:: MATERIAL PROVIDED

(* In the setting of short geodesics, there is $\varepsilon>0$ such that for every $0<s<\varepsilon$ the following holds for $\gamma_s(t)=(x(t),y(t),\xi(t),\eta(t))$: - $\dot\xi(t)<0$ for $t\in(0,\tau(0,y,\sigma_s))$; - $x(t)\le Cs$ for all $t\in[0,\tau(0,y,\sigma_s)]$, where the constant $C$ is uniform in $t$ and depends only on the metric $h$.
   Context: Gas giant setting. $M$ is a compact manifold with boundary, $\dim M=n\ge 2$, and $g=\rho^{-1}\bar g$ with $\bar g$ smooth up to the boundary and $\rho$ a boundary defining function. Near $\partial M$ there are coordinates $(x,y)$ in which $g=\mathrm{d}x^2+x^{-2}h(x,y,\mathrm{d}y)$, with $h_x$ a family of metrics on $\partial M$ smooth in $x$ up to $x=0$. Dual coordinates are $(\xi,\eta)$. Geodesic flow. $\phi_t$ is the Hamiltonian flow of $H=\tfrac12\xi^2+\tfrac12x^2h^{ij}\eta_i\eta_j$: - $\dot x=\xi$, - $\dot y^i=x^2h^{ij}\eta_j$, - $\dot\xi=-xh^{ij}\eta_i\eta_j-\tfrac12x^2\partial_xh^{ij}\eta_i\eta_j$, - $\dot\eta_i=-\tfrac12x^2\partial_{y^i}h^{kj}\eta_k\eta_j$. Short geodesics. Fix $y\in\partial M$ and $\eta\in T^*_y\partial M$ with $h^{ij}(0,y)\eta_i\eta_j=1$. For $s>0$ let $\sigma_s=(s,\eta)$, i.e. $\xi=s$, and $\gamma_s(t)=\phi_t(0,y,\sigma_s)$. Here $\tau(0,y,\sigma_s)$ is the first positive time at which $x$ returns to $0$. *)

theory Defs
  imports "HOL-Analysis.Analysis"
begin

fun iter_dd :: "('a::real_normed_vector \<Rightarrow> 'b::real_normed_vector) \<Rightarrow> 'a list \<Rightarrow> 'a \<Rightarrow> 'b" where
  "iter_dd f [] = f"
| "iter_dd f (v # vs) = (\<lambda>p. frechet_derivative (iter_dd f vs) (at p) v)"

definition smooth_on :: "('a::real_normed_vector \<Rightarrow> 'b::real_normed_vector) \<Rightarrow> 'a set \<Rightarrow> bool" where
  "smooth_on f W \<longleftrightarrow> open W \<and> (\<forall>vs. iter_dd f vs differentiable_on W)"

text \<open>Boundary coordinates y live in real^'m (so dim M = CARD('m) + 1 \<ge> 2).
 h (x,y) is the metric h_x at y; hinv is the dual metric h^{ij}.\<close>

definition hinv :: "(real \<times> (real^'m) \<Rightarrow> real^'m^'m) \<Rightarrow> real \<times> (real^'m) \<Rightarrow> real^'m^'m" where
  "hinv h p = matrix_inv (h p)"

definition metric_family_on :: "(real \<times> (real^'m) \<Rightarrow> real^'m^'m) \<Rightarrow> (real \<times> (real^'m)) set \<Rightarrow> bool" where
  "metric_family_on h W \<longleftrightarrow> smooth_on h W \<and>
     (\<forall>p\<in>W. transpose (h p) = h p \<and> (\<forall>v. v \<noteq> 0 \<longrightarrow> v \<bullet> (h p *v v) > 0))"

definition dx_hinv :: "(real \<times> (real^'m) \<Rightarrow> real^'m^'m) \<Rightarrow> real \<times> (real^'m) \<Rightarrow> real^'m^'m" where
  "dx_hinv h p = frechet_derivative (hinv h) (at p) (1, 0)"

definition dy_hinv :: "(real \<times> (real^'m) \<Rightarrow> real^'m^'m) \<Rightarrow> 'm \<Rightarrow> real \<times> (real^'m) \<Rightarrow> real^'m^'m" where
  "dy_hinv h i p = frechet_derivative (hinv h) (at p) (0, axis i 1)"

text \<open>(x,y,xi,eta) solves Hamilton's equations for H = xi^2/2 + x^2 h^{ij} eta_i eta_j / 2
 on [0,T], staying in W, starting at (0,y0,s,eta0); T = tau is the first positive
 time at which x returns to 0.\<close>
definition short_geodesic ::
  "(real \<times> (real^'m) \<Rightarrow> real^'m^'m) \<Rightarrow> (real \<times> (real^'m)) set \<Rightarrow> real^'m \<Rightarrow> real^'m \<Rightarrow> real \<Rightarrow>
   (real \<Rightarrow> real) \<Rightarrow> (real \<Rightarrow> real^'m) \<Rightarrow> (real \<Rightarrow> real) \<Rightarrow> (real \<Rightarrow> real^'m) \<Rightarrow> real \<Rightarrow> bool" where
  "short_geodesic h W y0 eta0 s x y xi eta T \<longleftrightarrow>
     0 < T \<and> x 0 = 0 \<and> y 0 = y0 \<and> xi 0 = s \<and> eta 0 = eta0 \<and>
     x T = 0 \<and> (\<forall>t\<in>{0<..<T}. x t \<noteq> 0) \<and>
     (\<forall>t\<in>{0..T}. (x t, y t) \<in> W \<and>
        (x has_real_derivative xi t) (at t within {0..T}) \<and>
        (y has_vector_derivative ((x t)\<^sup>2 *\<^sub>R (hinv h (x t, y t) *v eta t))) (at t within {0..T}) \<and>
        (xi has_real_derivative
            (- x t * (eta t \<bullet> (hinv h (x t, y t) *v eta t))
             - (1/2) * (x t)\<^sup>2 * (eta t \<bullet> (dx_hinv h (x t, y t) *v eta t)))) (at t within {0..T}) \<and>
        (eta has_vector_derivative
            (\<chi> i. - (1/2) * (x t)\<^sup>2 * (eta t \<bullet> (dy_hinv h i (x t, y t) *v eta t)))) (at t within {0..T}))"

end

(*
  Along a geodesic, xi' = - g x with g = h^{ij} eta_i eta_j + x (d_x h^{ij}) eta_i eta_j / 2,
  while y' and eta' are x^2 times bounded quantities. Near (x, y, eta) = (0, y0, eta0) one
  has 1/4 <= g <= 3, and as long as this holds x >= 0 makes xi decrease, the energy
  xi^2 + x^2/4 is nonincreasing while xi >= 0 and xi^2 + 3 x^2 while xi <= 0. Hence
  x <= 2 s and xi >= -4 s. Since x^2 <= 8 s g x = -8 s xi', the drift of y and eta is at
  most 8 s (s - xi) = O(s^2), so for small s a continuity argument keeps the geodesic in
  that neighbourhood up to its return time. The bounds on the derivatives of h^{-1} come
  from the derivative H |-> -A^{-1} H A^{-1} of matrix inversion, which is continuous by
  Cramer's rule.
*)

theory Submission
  imports Defs
begin

section \<open>Matrix inversion\<close>

lemma bounded_bilinear_matrix_matrix_mult [bounded_bilinear]:
  "bounded_bilinear ((**) :: real^'n^'m \<Rightarrow> real^'p^'n \<Rightarrow> real^'p^'m)"
  unfolding bilinear_conv_bounded_bilinear[symmetric] bilinear_def
  by (auto intro!: linearI simp: vec_eq_iff matrix_matrix_mult_def sum.distrib
      sum_distrib_left algebra_simps)

lemma bounded_bilinear_matrix_vector_mult [bounded_bilinear]:
  "bounded_bilinear ((*v) :: real^'n^'m \<Rightarrow> real^'n \<Rightarrow> real^'m)"
  unfolding bilinear_conv_bounded_bilinear[symmetric] bilinear_def
  by (auto intro!: linearI simp: vec_eq_iff matrix_vector_mult_def sum.distrib
      sum_distrib_left algebra_simps)

lemma continuous_det [continuous_intros]:
  fixes f :: "'a::t2_space \<Rightarrow> real^'n^'n"
  shows "continuous F f \<Longrightarrow> continuous F (\<lambda>x. det (f x))"
  unfolding det_def by (intro continuous_intros)

lemma continuous_on_det [continuous_intros]:
  fixes f :: "'a::topological_space \<Rightarrow> real^'n^'n"
  shows "continuous_on S f \<Longrightarrow> continuous_on S (\<lambda>x. det (f x))"
  unfolding det_def by (intro continuous_intros)

lemma continuous_vec_lambda [continuous_intros]:
  "(\<And>i. continuous F (f i)) \<Longrightarrow> continuous F (\<lambda>x. \<chi> i. f i x)"
  unfolding continuous_def by (rule tendsto_vec_lambda)

lemma positive_definite_imp_invertible:
  fixes A :: "real^'n^'n"
  assumes "\<And>v. v \<noteq> 0 \<Longrightarrow> 0 < v \<bullet> (A *v v)"
  shows "invertible A"
proof -
  have "\<forall>v. A *v v = 0 \<longrightarrow> v = 0"
    using assms by force
  then show ?thesis
    by (simp add: invertible_left_inverse matrix_left_invertible_ker)
qed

::::

Reproduce, exactly as they stand in the data above, the lines from the one that holds "x <= 2 s and" to the one that holds "((*v) :: real^'n^'m", inclusive.

  x <= 2 s and xi >= -4 s. Since x^2 <= 8 s g x = -8 s xi', the drift of y and eta is at
  most 8 s (s - xi) = O(s^2), so for small s a continuity argument keeps the geodesic in
  that neighbourhood up to its return time. The bounds on the derivatives of h^{-1} come
  from the derivative H |-> -A^{-1} H A^{-1} of matrix inversion, which is continuous by
  Cramer's rule.
*)

theory Submission
  imports Defs
begin

section \<open>Matrix inversion\<close>

lemma bounded_bilinear_matrix_matrix_mult [bounded_bilinear]:
  "bounded_bilinear ((**) :: real^'n^'m \<Rightarrow> real^'p^'n \<Rightarrow> real^'p^'m)"
  unfolding bilinear_conv_bounded_bilinear[symmetric] bilinear_def
  by (auto intro!: linearI simp: vec_eq_iff matrix_matrix_mult_def sum.distrib
      sum_distrib_left algebra_simps)

lemma bounded_bilinear_matrix_vector_mult [bounded_bilinear]:
  "bounded_bilinear ((*v) :: real^'n^'m \<Rightarrow> real^'n \<Rightarrow> real^'m)"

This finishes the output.